**Brief**:
Run through the data and copy out every line that mentions the word "rule".

Stored data
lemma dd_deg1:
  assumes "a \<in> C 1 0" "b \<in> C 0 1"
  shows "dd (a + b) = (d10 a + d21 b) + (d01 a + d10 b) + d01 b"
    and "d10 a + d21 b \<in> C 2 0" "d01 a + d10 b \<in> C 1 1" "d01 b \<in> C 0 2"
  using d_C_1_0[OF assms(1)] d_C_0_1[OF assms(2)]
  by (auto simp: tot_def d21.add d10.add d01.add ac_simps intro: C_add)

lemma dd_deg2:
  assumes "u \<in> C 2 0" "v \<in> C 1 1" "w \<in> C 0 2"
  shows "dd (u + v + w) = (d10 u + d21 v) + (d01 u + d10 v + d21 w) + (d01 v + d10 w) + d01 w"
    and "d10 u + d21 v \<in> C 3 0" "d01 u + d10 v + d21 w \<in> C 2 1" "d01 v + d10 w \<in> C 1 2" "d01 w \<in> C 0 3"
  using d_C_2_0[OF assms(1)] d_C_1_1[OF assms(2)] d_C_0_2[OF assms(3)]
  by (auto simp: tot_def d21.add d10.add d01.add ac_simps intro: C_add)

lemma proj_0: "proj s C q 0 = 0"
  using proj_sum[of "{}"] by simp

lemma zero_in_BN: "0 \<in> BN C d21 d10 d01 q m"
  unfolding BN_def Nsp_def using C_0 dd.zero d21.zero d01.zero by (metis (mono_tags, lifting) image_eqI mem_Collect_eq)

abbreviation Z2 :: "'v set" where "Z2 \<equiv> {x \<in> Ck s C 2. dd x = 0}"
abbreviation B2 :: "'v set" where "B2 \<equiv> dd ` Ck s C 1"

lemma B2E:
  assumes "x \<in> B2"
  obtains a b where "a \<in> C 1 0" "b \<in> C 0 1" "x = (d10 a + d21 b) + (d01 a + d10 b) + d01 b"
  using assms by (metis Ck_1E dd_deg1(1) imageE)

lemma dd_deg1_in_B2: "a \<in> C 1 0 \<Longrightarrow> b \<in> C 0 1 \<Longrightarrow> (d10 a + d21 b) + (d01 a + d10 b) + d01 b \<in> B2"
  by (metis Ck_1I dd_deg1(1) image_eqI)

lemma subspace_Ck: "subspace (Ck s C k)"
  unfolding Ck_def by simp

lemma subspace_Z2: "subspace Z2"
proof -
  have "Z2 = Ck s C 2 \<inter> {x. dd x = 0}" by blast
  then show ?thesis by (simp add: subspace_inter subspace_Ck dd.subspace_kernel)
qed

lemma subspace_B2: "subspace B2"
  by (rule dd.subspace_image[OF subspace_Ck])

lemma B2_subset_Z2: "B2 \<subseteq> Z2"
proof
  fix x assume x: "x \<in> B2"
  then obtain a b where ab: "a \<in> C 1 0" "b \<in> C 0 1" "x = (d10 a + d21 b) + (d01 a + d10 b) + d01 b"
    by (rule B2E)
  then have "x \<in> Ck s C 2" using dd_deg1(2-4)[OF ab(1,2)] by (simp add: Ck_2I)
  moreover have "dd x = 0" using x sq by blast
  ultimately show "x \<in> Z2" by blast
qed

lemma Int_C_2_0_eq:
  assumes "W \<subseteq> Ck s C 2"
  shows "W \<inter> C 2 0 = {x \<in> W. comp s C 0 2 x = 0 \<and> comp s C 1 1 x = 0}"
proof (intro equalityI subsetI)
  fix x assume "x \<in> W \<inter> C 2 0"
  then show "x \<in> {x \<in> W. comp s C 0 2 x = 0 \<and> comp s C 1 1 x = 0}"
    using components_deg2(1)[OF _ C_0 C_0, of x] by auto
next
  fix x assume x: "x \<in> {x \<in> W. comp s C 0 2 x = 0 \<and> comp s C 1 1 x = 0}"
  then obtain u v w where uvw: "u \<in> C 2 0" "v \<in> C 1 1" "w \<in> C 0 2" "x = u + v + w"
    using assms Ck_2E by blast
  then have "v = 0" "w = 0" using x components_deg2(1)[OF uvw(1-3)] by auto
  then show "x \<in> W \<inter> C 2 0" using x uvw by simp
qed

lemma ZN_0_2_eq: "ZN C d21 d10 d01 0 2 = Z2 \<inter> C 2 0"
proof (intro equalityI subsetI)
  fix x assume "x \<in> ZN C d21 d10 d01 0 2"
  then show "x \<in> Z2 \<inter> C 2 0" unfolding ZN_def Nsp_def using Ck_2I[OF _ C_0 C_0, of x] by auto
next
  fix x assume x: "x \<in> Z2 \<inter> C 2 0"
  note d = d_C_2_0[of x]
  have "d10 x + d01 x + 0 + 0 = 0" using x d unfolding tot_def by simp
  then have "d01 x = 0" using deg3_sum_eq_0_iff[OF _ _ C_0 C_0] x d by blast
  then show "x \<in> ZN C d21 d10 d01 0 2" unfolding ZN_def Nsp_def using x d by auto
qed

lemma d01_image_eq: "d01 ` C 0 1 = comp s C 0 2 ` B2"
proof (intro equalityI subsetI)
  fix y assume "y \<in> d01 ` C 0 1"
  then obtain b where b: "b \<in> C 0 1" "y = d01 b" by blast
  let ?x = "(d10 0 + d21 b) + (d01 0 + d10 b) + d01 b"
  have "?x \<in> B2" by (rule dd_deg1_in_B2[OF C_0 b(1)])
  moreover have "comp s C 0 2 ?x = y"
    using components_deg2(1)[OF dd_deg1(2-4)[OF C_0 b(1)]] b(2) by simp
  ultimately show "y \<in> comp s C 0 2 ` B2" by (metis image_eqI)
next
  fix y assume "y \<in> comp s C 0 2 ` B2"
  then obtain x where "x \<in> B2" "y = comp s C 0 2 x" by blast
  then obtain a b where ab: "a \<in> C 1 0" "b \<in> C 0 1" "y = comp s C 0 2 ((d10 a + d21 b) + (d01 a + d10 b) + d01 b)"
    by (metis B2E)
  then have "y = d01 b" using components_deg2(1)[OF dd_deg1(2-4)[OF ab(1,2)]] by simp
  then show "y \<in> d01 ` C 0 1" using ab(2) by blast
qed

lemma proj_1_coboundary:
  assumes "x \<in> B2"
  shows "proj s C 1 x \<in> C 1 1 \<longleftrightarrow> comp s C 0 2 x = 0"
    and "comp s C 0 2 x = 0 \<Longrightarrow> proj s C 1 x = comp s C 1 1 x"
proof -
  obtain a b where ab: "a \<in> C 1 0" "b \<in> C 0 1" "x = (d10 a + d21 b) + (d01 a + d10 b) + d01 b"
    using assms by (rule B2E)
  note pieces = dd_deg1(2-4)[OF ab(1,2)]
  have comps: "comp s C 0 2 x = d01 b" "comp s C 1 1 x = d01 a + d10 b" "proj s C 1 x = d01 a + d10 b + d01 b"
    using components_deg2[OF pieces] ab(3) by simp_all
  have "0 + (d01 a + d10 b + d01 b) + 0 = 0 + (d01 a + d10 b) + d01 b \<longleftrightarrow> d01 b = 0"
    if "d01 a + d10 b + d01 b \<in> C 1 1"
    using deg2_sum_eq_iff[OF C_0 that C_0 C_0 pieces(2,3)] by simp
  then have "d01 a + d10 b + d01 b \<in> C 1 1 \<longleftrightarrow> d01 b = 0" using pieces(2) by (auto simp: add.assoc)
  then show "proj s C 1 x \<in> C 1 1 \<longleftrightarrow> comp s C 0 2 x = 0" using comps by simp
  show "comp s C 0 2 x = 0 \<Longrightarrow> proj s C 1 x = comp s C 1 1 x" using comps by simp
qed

**Expected output**:
  by (rule dd.subspace_image[OF subspace_Ck])
    by (rule B2E)
  have "?x \<in> B2" by (rule dd_deg1_in_B2[OF C_0 b(1)])
    using assms by (rule B2E)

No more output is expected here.